Aim of the exercise
Each line of the data below holding the word "assumes" must be copied.

Entries supplied
lemma member_le_double_sum:
  fixes f :: "'a \<Rightarrow> 'a \<Rightarrow> real"
  assumes fin: "finite V" and nonneg: "\<And>a b. a \<in> V \<Longrightarrow> b \<in> V \<Longrightarrow> 0 \<le> f a b"
    and u: "u \<in> V" and w: "w \<in> V"
  shows "f u w \<le> (\<Sum>a\<in>V. \<Sum>b\<in>V. f a b)"
proof -
  have "f u w \<le> (\<Sum>b\<in>V. f u b)" using fin nonneg u w by (intro member_le_sum) auto
  also have "\<dots> \<le> (\<Sum>a\<in>V. \<Sum>b\<in>V. f a b)" using fin nonneg u by (intro member_le_sum sum_nonneg) auto
  finally show ?thesis .
qed

lemma edges_subset_if_quad_form_le:
  assumes fin: "finite V"
    and count: "quad_form V E (\<lambda>_. 1) \<le> quad_form V F (\<lambda>_. 1)"
    and le: "quad_form V F x \<le> quad_form V E x" and c: "0 \<le> c"
    and F_weight: "\<And>u w. u \<in> V \<Longrightarrow> w \<in> V \<Longrightarrow> F u w \<Longrightarrow> c \<le> x u * x w"
    and E_weight: "\<And>u w. u \<in> V \<Longrightarrow> w \<in> V \<Longrightarrow> E u w \<Longrightarrow> \<not> F u w \<Longrightarrow> x u * x w < c"
    and u: "u \<in> V" and w: "w \<in> V" and E: "E u w"
  shows "F u w"
proof (rule ccontr)
  assume not_F: "\<not> F u w"
  define f where "f a b = (adj F a b - adj E a b) * (x a * x b - c)" for a b
  have nonneg: "0 \<le> f a b" if "a \<in> V" "b \<in> V" for a b
    using F_weight[OF that] E_weight[OF that] unfolding f_def adj_def by force
  have "(\<Sum>a\<in>V. \<Sum>b\<in>V. f a b) =
      (quad_form V F x - quad_form V E x) - c * (quad_form V F (\<lambda>_. 1) - quad_form V E (\<lambda>_. 1))"
    unfolding f_def quad_form_def by (simp add: algebra_simps sum_subtractf sum_distrib_left)
  also have "\<dots> \<le> 0"
    using le count c mult_nonneg_nonneg[of c "quad_form V F (\<lambda>_. 1) - quad_form V E (\<lambda>_. 1)"]
    by linarith
  finally have "f u w \<le> 0" using member_le_double_sum[where f = f, OF fin nonneg u w] by linarith
  then show False using E_weight[OF u w E not_F] E not_F unfolding f_def adj_def by simp
qed

lemma edges_eq_if_quad_form_le:
  assumes fin: "finite V" and sub: "\<And>u w. u \<in> V \<Longrightarrow> w \<in> V \<Longrightarrow> E u w \<Longrightarrow> F u w"
    and pos: "\<And>u. u \<in> V \<Longrightarrow> 0 < x u" and le: "quad_form V F x \<le> quad_form V E x"
    and u: "u \<in> V" and w: "w \<in> V"
  shows "E u w \<longleftrightarrow> F u w"
proof
  assume F: "F u w"
  define f where "f a b = (adj F a b - adj E a b) * (x a * x b)" for a b
  have nonneg: "0 \<le> f a b" if "a \<in> V" "b \<in> V" for a b
    using sub[OF that] pos[OF that(1)] pos[OF that(2)] unfolding f_def adj_def by auto
  have "(\<Sum>a\<in>V. \<Sum>b\<in>V. f a b) = quad_form V F x - quad_form V E x"
    unfolding f_def quad_form_def by (simp add: algebra_simps sum_subtractf)
  then have "f u w \<le> 0" using member_le_double_sum[where f = f, OF fin nonneg u w] le by linarith
  then show "E u w" using F pos[OF u] pos[OF w] unfolding f_def adj_def
    by (auto simp: mult_le_0_iff split: if_splits)
qed (rule sub[OF u w])

lemma edges_eq_split_edge_if_extremal:
  assumes sg: "simple_graph V E" and DV: "D \<subseteq> V" and cD: "card D = k" and cV: "card V = n"
    and k: "1 \<le> k" and count: "quad_form V E (\<lambda>_. 1) \<le> quad_form V (split_edge D) (\<lambda>_. 1)"
    and nonneg: "\<And>u. u \<in> V \<Longrightarrow> 0 \<le> x u" and nz: "\<exists>v\<in>V. x v \<noteq> 0"
    and ev: "\<And>u. u \<in> V \<Longrightarrow> (\<Sum>w\<in>V. adj (split_edge D) u w * x w) = split_radius n k * x u"
    and le: "quad_form V (split_edge D) x \<le> quad_form V E x"
    and u: "u \<in> V" and w: "w \<in> V"
  shows "E u w \<longleftrightarrow> split_edge D u w"
proof -
  have fin: "finite V" and irrefl: "\<And>v. v \<in> V \<Longrightarrow> \<not> E v v"
    using sg by (auto simp: simple_graph_def)
  obtain al be where be: "0 < be" "be \<le> al" and on_D: "\<forall>v\<in>D. x v = al"
    and off_D: "\<forall>v\<in>V - D. x v = be" and gap: "2 \<le> card (V - D) \<longrightarrow> be < al"
    using split_edge_eigenvector_values[where x = x, OF fin DV cD cV k nonneg nz ev] by blast
  have x_ge: "be \<le> x v" and x_le: "x v \<le> al" if "v \<in> V" for v
    using on_D off_D be that by (cases "v \<in> D"; auto)+
  have pos: "0 < x v" if "v \<in> V" for v using x_ge[OF that] be(1) by linarith
  have sub: "split_edge D a b" if ab: "a \<in> V" "b \<in> V" "E a b" for a b
  proof (rule edges_subset_if_quad_form_le[where x = x, OF fin count le _ _ _ ab])
    show "0 \<le> al * be" using be by simp
    show "al * be \<le> x a * x b" if "a \<in> V" "b \<in> V" "split_edge D a b" for a b
      using that x_ge x_le on_D be unfolding split_edge_def
      by (auto intro: mult_mono mult_mono' simp: mult.commute[of al])
    show "x a * x b < al * be" if a: "a \<in> V" and b: "b \<in> V" "E a b" "\<not> split_edge D a b" for a b
    proof -
      have "a \<noteq> b" "a \<notin> D" "b \<notin> D" using b irrefl[OF a] unfolding split_edge_def by auto
      then have "card {a, b} \<le> card (V - D)" using a b(1) fin by (intro card_mono) auto
      then have "be < al" using gap \<open>a \<noteq> b\<close> by simp
      then show ?thesis using off_D a b(1) \<open>a \<notin> D\<close> \<open>b \<notin> D\<close> be(1) by simp
    qed
  qed
  show ?thesis by (rule edges_eq_if_quad_form_le[where x = x, OF fin sub pos le u w])
qed

lemma graph_iso_split_edge:
  assumes fin: "finite V" and DV: "D \<subseteq> V" and cD: "card D = k" and cV: "card V = n"
    and E: "\<And>u w. u \<in> V \<Longrightarrow> w \<in> V \<Longrightarrow> E u w \<longleftrightarrow> split_edge D u w"
  shows "graph_iso V E (S_verts n) (S_edge k)"
proof -
  have finD: "finite D" using fin DV finite_subset by blast
  have kn: "k \<le> n" using card_mono[OF fin DV] cD cV by simp
  obtain f1 where f1: "bij_betw f1 D {0..<k}"
    using finite_same_card_bij[OF finD, of "{0..<k}"] cD by auto
  obtain f2 where f2: "bij_betw f2 (V - D) {k..<n}"
    using finite_same_card_bij[of "V - D" "{k..<n}"] fin card_Diff_subset[OF finD DV] cD cV by auto
  define f where "f u = (if u \<in> D then f1 u else f2 u)" for u
  have "bij_betw f D {0..<k}" using f1 unfolding f_def by (rule bij_betw_cong[THEN iffD1, rotated]) auto
  moreover have "bij_betw f (V - D) {k..<n}"
    using f2 unfolding f_def by (rule bij_betw_cong[THEN iffD1, rotated]) auto
  ultimately have "bij_betw f (D \<union> (V - D)) ({0..<k} \<union> {k..<n})"
    by (rule bij_betw_combine) auto
  moreover have "D \<union> (V - D) = V" "{0..<k} \<union> {k..<n} = {0..<n}" using DV kn by auto
  ultimately have bij: "bij_betw f V {0..<n}" by simp
  have clique: "f u < k \<longleftrightarrow> u \<in> D" if u: "u \<in> V" for u
  proof (cases "u \<in> D")
    case True
    then show ?thesis using bij_betwE[OF f1] by (simp add: f_def)
  next
    case False
    then have "f2 u \<in> {k..<n}" using bij_betwE[OF f2] u by blast
    then show ?thesis using False by (simp add: f_def)
  qed
  have "E u w \<longleftrightarrow> S_edge k (f u) (f w)" if "u \<in> V" "w \<in> V" for u w
  proof -
    have "f u = f w \<longleftrightarrow> u = w" using bij_betw_imp_inj_on[OF bij] that by (meson inj_on_eq_iff)
    then show ?thesis
      using E[OF that] clique[OF that(1)] clique[OF that(2)] by (simp add: S_edge_def split_edge_def)
  qed
  then show ?thesis unfolding graph_iso_def S_verts_def using bij by (intro exI[of _ f]) simp
qed

lemma degenerate_0_no_edge:
  assumes sg: "simple_graph V E" and dg: "degenerate 0 V E" and u: "u \<in> V" and w: "w \<in> V"
  shows "\<not> E u w"
proof
  assume "E u w"
  moreover have "E w u \<longleftrightarrow> E u w" using sg u w unfolding simple_graph_def by blast
  moreover obtain v where "v \<in> {u, w}" "card {v' \<in> {u, w}. E v v'} \<le> 0"
    using dg u w unfolding degenerate_def by (elim allE[where x = "{u, w}"] allE[where x = E]) auto
  ultimately show False by auto
qed

lemma degenerate_iso_if_split_radius_le_mu:
  assumes sg: "simple_graph V E" and dg: "degenerate k V E" and cV: "card V = n"
    and k: "1 \<le> k" and kn: "k \<le> n" and le: "split_radius n k \<le> mu V E"
  shows "graph_iso V E (S_verts n) (S_edge k)"
proof -
  define r where "r = split_radius n k"
  have fin: "finite V" using sg by (simp add: simple_graph_def)
  have "V \<noteq> {}" using cV k kn by auto
  then have "eigenvalue_on V (adj E) (mu V E)" by (rule mu_eigenvalue[OF sg])
  then obtain z where nz: "\<exists>v\<in>V. z v \<noteq> 0"
    and ev: "\<And>u. u \<in> V \<Longrightarrow> (\<Sum>w\<in>V. adj E u w * z w) = mu V E * z u"
    unfolding eigenvalue_on_def by auto
  define x where "x u = \<bar>z u\<bar>" for u
  have nonneg: "\<And>u. u \<in> V \<Longrightarrow> 0 \<le> x u" and norm: "sq_norm V x = sq_norm V z"
    unfolding x_def sq_norm_def by simp_all
  have "\<exists>D\<subseteq>V. card D = k \<and> top_set V x D \<and> quad_form V E x \<le> quad_form V (split_edge D) x"
    by (rule degenerate_quad_form_le_split_edge[OF sg dg nonneg subset_refl]) (use cV kn in simp_all)
  then obtain D where DV: "D \<subseteq> V" and cD: "card D = k"
    and qD: "quad_form V E x \<le> quad_form V (split_edge D) x"
    by auto
  have bound: "\<And>y. quad_form V (split_edge D) y \<le> r * sq_norm V y"
    unfolding r_def by (rule quad_form_split_edge_le[OF fin DV cD cV])
  \<comment> \<open>the chain \<open>\<mu> |z|\<^sup>2 \<le> q\<^sub>E(x) \<le> q\<^sub>D(x) \<le> r |z|\<^sup>2 \<le> \<mu> |z|\<^sup>2\<close> collapses to equalities\<close>
  have "mu V E * sq_norm V z \<le> quad_form V E x"
    using quad_form_eigenvector[OF ev] quad_form_le_abs[of V E z] unfolding x_def by simp
  moreover have "r * sq_norm V z \<le> mu V E * sq_norm V z"
    using le unfolding r_def sq_norm_def by (intro mult_right_mono) (auto intro: sum_nonneg)
  moreover have "quad_form V (split_edge D) x \<le> r * sq_norm V z" using bound[of x] norm by simp
  ultimately have max: "quad_form V (split_edge D) x = r * sq_norm V x"
    and le_E: "quad_form V (split_edge D) x \<le> quad_form V E x"
    using qD unfolding norm by linarith+
  have "\<exists>v\<in>V. x v \<noteq> 0" using nz unfolding x_def by simp
  moreover have "(\<Sum>w\<in>V. adj (split_edge D) u w * x w) = split_radius n k * x u" if "u \<in> V" for u
    using eigenvector_if_quad_form_max[OF fin _ bound max that] unfolding r_def
    by (auto simp: split_edge_def)
  moreover have "quad_form V E (\<lambda>_. 1) \<le> quad_form V (split_edge D) (\<lambda>_. 1)"
    by (rule degenerate_edge_count[OF sg dg DV cD])
  ultimately have "E u w \<longleftrightarrow> split_edge D u w" if "u \<in> V" "w \<in> V" for u w
    using edges_eq_split_edge_if_extremal[where x = x, OF sg DV cD cV k _ nonneg _ _ le_E that] by simp
  then show ?thesis by (rule graph_iso_split_edge[OF fin DV cD cV])
qed

theorem theorem1:
  fixes V :: "'a set" and E :: "'a \<Rightarrow> 'a \<Rightarrow> bool" and n k :: nat
  assumes "simple_graph V E"
    and "card V = n"
    and "k \<le> n"
    and "degenerate k V E"
  shows "mu V E < mu (S_verts n) (S_edge k) \<or> graph_iso V E (S_verts n) (S_edge k)"
proof (cases "k = 0")
  case True
  have "finite V" using assms(1) by (simp add: simple_graph_def)
  moreover have "E u w \<longleftrightarrow> split_edge {} u w" if "u \<in> V" "w \<in> V" for u w
    using degenerate_0_no_edge[OF assms(1) _ that] assms(4) True by (simp add: split_edge_def)
  ultimately have "graph_iso V E (S_verts n) (S_edge 0)"
    using graph_iso_split_edge[of V "{}" 0 n E] assms(2) by simp
  then show ?thesis using True by simp
next
  case False
  then have k: "1 \<le> k" by simp
  have "split_radius n k \<le> mu (S_verts n) (S_edge k)"
    unfolding S_verts_def by (rule eigenvalue_le_mu[OF _ split_radius_eigenvalue[OF k assms(3)]]) simp
  then show ?thesis
    using degenerate_iso_if_split_radius_le_mu[OF assms(1,4,2) k assms(3)] by linarith
qed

Task answer
  assumes fin: "finite V" and nonneg: "\<And>a b. a \<in> V \<Longrightarrow> b \<in> V \<Longrightarrow> 0 \<le> f a b"
  assumes fin: "finite V"
  assumes fin: "finite V" and sub: "\<And>u w. u \<in> V \<Longrightarrow> w \<in> V \<Longrightarrow> E u w \<Longrightarrow> F u w"
  assumes sg: "simple_graph V E" and DV: "D \<subseteq> V" and cD: "card D = k" and cV: "card V = n"
  assumes fin: "finite V" and DV: "D \<subseteq> V" and cD: "card D = k" and cV: "card V = n"
  assumes sg: "simple_graph V E" and dg: "degenerate 0 V E" and u: "u \<in> V" and w: "w \<in> V"
  assumes sg: "simple_graph V E" and dg: "degenerate k V E" and cV: "card V = n"
  assumes "simple_graph V E"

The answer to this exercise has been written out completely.